What this task involves:
Of all the entries below, retype only the lines from the one with "qed (auto simp: l2_rank_one[unfolded" through the one with "a = (\<lambda>x.", exactly as they appear.

Stored items:
------------------------------------

(* Let $M\ge \frac52$ and $\mu=\frac{2}{2M+3}$. Algorithm A (defined in the context) is a valid semi-online algorithm with migration factor at most $M$, and for every input whose optimal offline makespan is $1$ it produces a schedule of makespan at most $1+\mu=\frac{2M+5}{2M+3}$. Hence its competitive ratio is at most $\frac{2M+5}{2M+3}$.
   Context: Model (two hierarchical machines with migration, bin stretching). Jobs $1,2,\dots,n$ arrive one by one ($n$ unknown in advance). Job $j$ has a size $p_j>0$ and a grade of service (GoS) $g_j\in\{1,2\}$; a job of GoS $1$ may only be processed on machine $m_1$, a job of GoS $2$ may be processed on $m_1$ or on $m_2$. The load of a machine is the total size of the jobs assigned to it, and the makespan is the maximum load. When job $j$ arrives, the algorithm must assign it to a machine, and at the same time it may reassign (migrate) previously arrived jobs to other machines (respecting the GoS constraints), provided that the total size of the migrated jobs is at most $M\cdot p_j$; $M\ge 0$ is the migration factor. Bin stretching: the optimal offline makespan of the complete input is known in advance and scaled to $1$; in particular every job has size at most $1$, the total size of all jobs is at most $2$, and the total size of all GoS-$1$ jobs is at most $1$. The competitive ratio of an algorithm is the supremum over inputs of (algorithm's makespan)/(optimal makespan). Notation: $Y_{j}$ is the set of jobs on $m_2$ just after job $j$ has been handled (including migrations), $y_j$ its total size, $y_0=0$. $Z$ denotes the set of GoS-2 jobs currently on $m_1$. Algorithm A (with $\mu=\frac{2}{2M+3}$). On arrival of job $j$: (i) if $g_j=1$ or $y_{j-1}\ge 1-\mu$, assign $j$ to $m_1$; (ii) else if $y_{j-1}+p_j\le 1+\mu$, assign $j$ to $m_2$; (iii) otherwise, among all GoS-2 jobs arrived so far (the current $Z$, the current $Y_{j-1}$, and $j$), choose a subset $W$ of maximum total size subject to total size at most $1$; rearrange so that exactly the jobs of $W$ are on $m_2$ and all other arrived jobs are on $m_1$. *)

theory Defs
  imports Complex_Main
begin

text \<open>Job j has size p j and grade of service g j (1 or 2).
  A schedule of the jobs in A (arrived jobs) is described by the set Y of jobs on machine m2;
  all other jobs of A are on machine m1.\<close>

definition gos2_jobs :: "(nat \<Rightarrow> nat) \<Rightarrow> nat \<Rightarrow> nat set" where
  "gos2_jobs g j = {i \<in> {1..j}. g i = 2}"

definition load1 :: "(nat \<Rightarrow> real) \<Rightarrow> nat \<Rightarrow> nat set \<Rightarrow> real" where
  "load1 p j Y = sum p ({1..j} - Y)"

definition load2 :: "(nat \<Rightarrow> real) \<Rightarrow> nat set \<Rightarrow> real" where
  "load2 p Y = sum p Y"

definition makespan :: "(nat \<Rightarrow> real) \<Rightarrow> nat \<Rightarrow> nat set \<Rightarrow> real" where
  "makespan p j Y = max (load1 p j Y) (load2 p Y)"
text \<open>The operator g \<mapsto> <xi, g> delta_a, i.e. |delta_a><xi|; it has norm at most 1 for a unit
  vector xi and maps xi to the basis vector delta_a.\<close>
definition rank_one :: "('b \<Rightarrow> complex) \<Rightarrow> 'b \<Rightarrow> ('b \<Rightarrow> complex) \<Rightarrow> ('b \<Rightarrow> complex)" where
  "rank_one \<xi> a g = (\<lambda>j. if j = a then l2inner \<xi> g else 0)"

lemma sqnorm_rank_one: "sqnorm (rank_one \<xi> a g) = (cmod (l2inner \<xi> g))\<^sup>2"
  and l2_rank_one: "rank_one \<xi> a g \<in> l2"
proof -
  have "((\<lambda>j. (cmod (rank_one \<xi> a g j))\<^sup>2) has_sum (cmod (l2inner \<xi> g))\<^sup>2) {a}"
    using has_sum_finite[of "{a}" "\<lambda>j. (cmod (rank_one \<xi> a g j))\<^sup>2"] by (simp add: rank_one_def)
  then have "((\<lambda>j. (cmod (rank_one \<xi> a g j))\<^sup>2) has_sum (cmod (l2inner \<xi> g))\<^sup>2) UNIV"
    by (rule has_sum_cong_neutral[THEN iffD1, rotated -1]) (auto simp: rank_one_def)
  then show "sqnorm (rank_one \<xi> a g) = (cmod (l2inner \<xi> g))\<^sup>2" and "rank_one \<xi> a g \<in> l2"
    by (auto simp: sqnorm_def l2_iff has_sum_iff)
qed

lemma rank_one_contraction:
  assumes xi: "\<xi> \<in> l2" "sqnorm \<xi> = 1"
  shows "bounded_op (rank_one \<xi> a)" and "opnorm (rank_one \<xi> a) \<le> 1"
proof -
  have bnd: "l2norm (rank_one \<xi> a f) \<le> l2norm f" if "f \<in> l2" for f
    using l2inner_cauchy_schwarz[OF xi(1) that] xi(2)
    by (simp add: l2norm_sqnorm sqnorm_rank_one)
  show "bounded_op (rank_one \<xi> a)"
    unfolding bounded_op_def
  proof (intro conjI ballI allI)
    show "\<exists>C. \<forall>f\<in>l2. l2norm (rank_one \<xi> a f) \<le> C * l2norm f"
      by (rule exI[of _ 1]) (simp add: bnd)
  qed (auto simp: l2_rank_one[unfolded rank_one_def] rank_one_def fun_eq_iff l2inner_add l2inner_scale xi)
  show "opnorm (rank_one \<xi> a) \<le> 1"
    by (rule opnorm_le) (use bnd in force)
qed

lemma l2_restrict: "\<psi> \<in> l2 \<Longrightarrow> (\<lambda>x. if P x then \<psi> x else 0) \<in> l2"
  unfolding l2_iff by (rule summable_on_comparison_test[of "\<lambda>x. (cmod (\<psi> x))\<^sup>2"]) auto

lemma l2norm_restrict_le:
  assumes "\<psi> \<in> l2"
  shows "l2norm (\<lambda>x. if P x then \<psi> x else 0) \<le> l2norm \<psi>"
proof -
  have "sqnorm (\<lambda>x. if P x then \<psi> x else 0) \<le> sqnorm \<psi>"
    unfolding sqnorm_def using l2_restrict[OF assms, of P] assms
    by (intro infsum_mono) (auto simp: l2_iff)
  then show ?thesis by (simp add: l2norm_sqnorm)
qed

definition column_part :: "('i \<times> 'j \<Rightarrow> complex) \<Rightarrow> 'j \<Rightarrow> ('i \<times> 'j \<Rightarrow> complex)" where
  "column_part \<psi> a = (\<lambda>x. if snd x = a then \<psi> x else 0)"

lemma l2_column_part: "\<psi> \<in> l2 \<Longrightarrow> column_part \<psi> a \<in> l2"
  unfolding column_part_def by (rule l2_restrict)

------------------------------------

Problem solution:
  qed (auto simp: l2_rank_one[unfolded rank_one_def] rank_one_def fun_eq_iff l2inner_add l2inner_scale xi)
  show "opnorm (rank_one \<xi> a) \<le> 1"
    by (rule opnorm_le) (use bnd in force)
qed

lemma l2_restrict: "\<psi> \<in> l2 \<Longrightarrow> (\<lambda>x. if P x then \<psi> x else 0) \<in> l2"
  unfolding l2_iff by (rule summable_on_comparison_test[of "\<lambda>x. (cmod (\<psi> x))\<^sup>2"]) auto

lemma l2norm_restrict_le:
  assumes "\<psi> \<in> l2"
  shows "l2norm (\<lambda>x. if P x then \<psi> x else 0) \<le> l2norm \<psi>"
proof -
  have "sqnorm (\<lambda>x. if P x then \<psi> x else 0) \<le> sqnorm \<psi>"
    unfolding sqnorm_def using l2_restrict[OF assms, of P] assms
    by (intro infsum_mono) (auto simp: l2_iff)
  then show ?thesis by (simp add: l2norm_sqnorm)
qed

definition column_part :: "('i \<times> 'j \<Rightarrow> complex) \<Rightarrow> 'j \<Rightarrow> ('i \<times> 'j \<Rightarrow> complex)" where
  "column_part \<psi> a = (\<lambda>x. if snd x = a then \<psi> x else 0)"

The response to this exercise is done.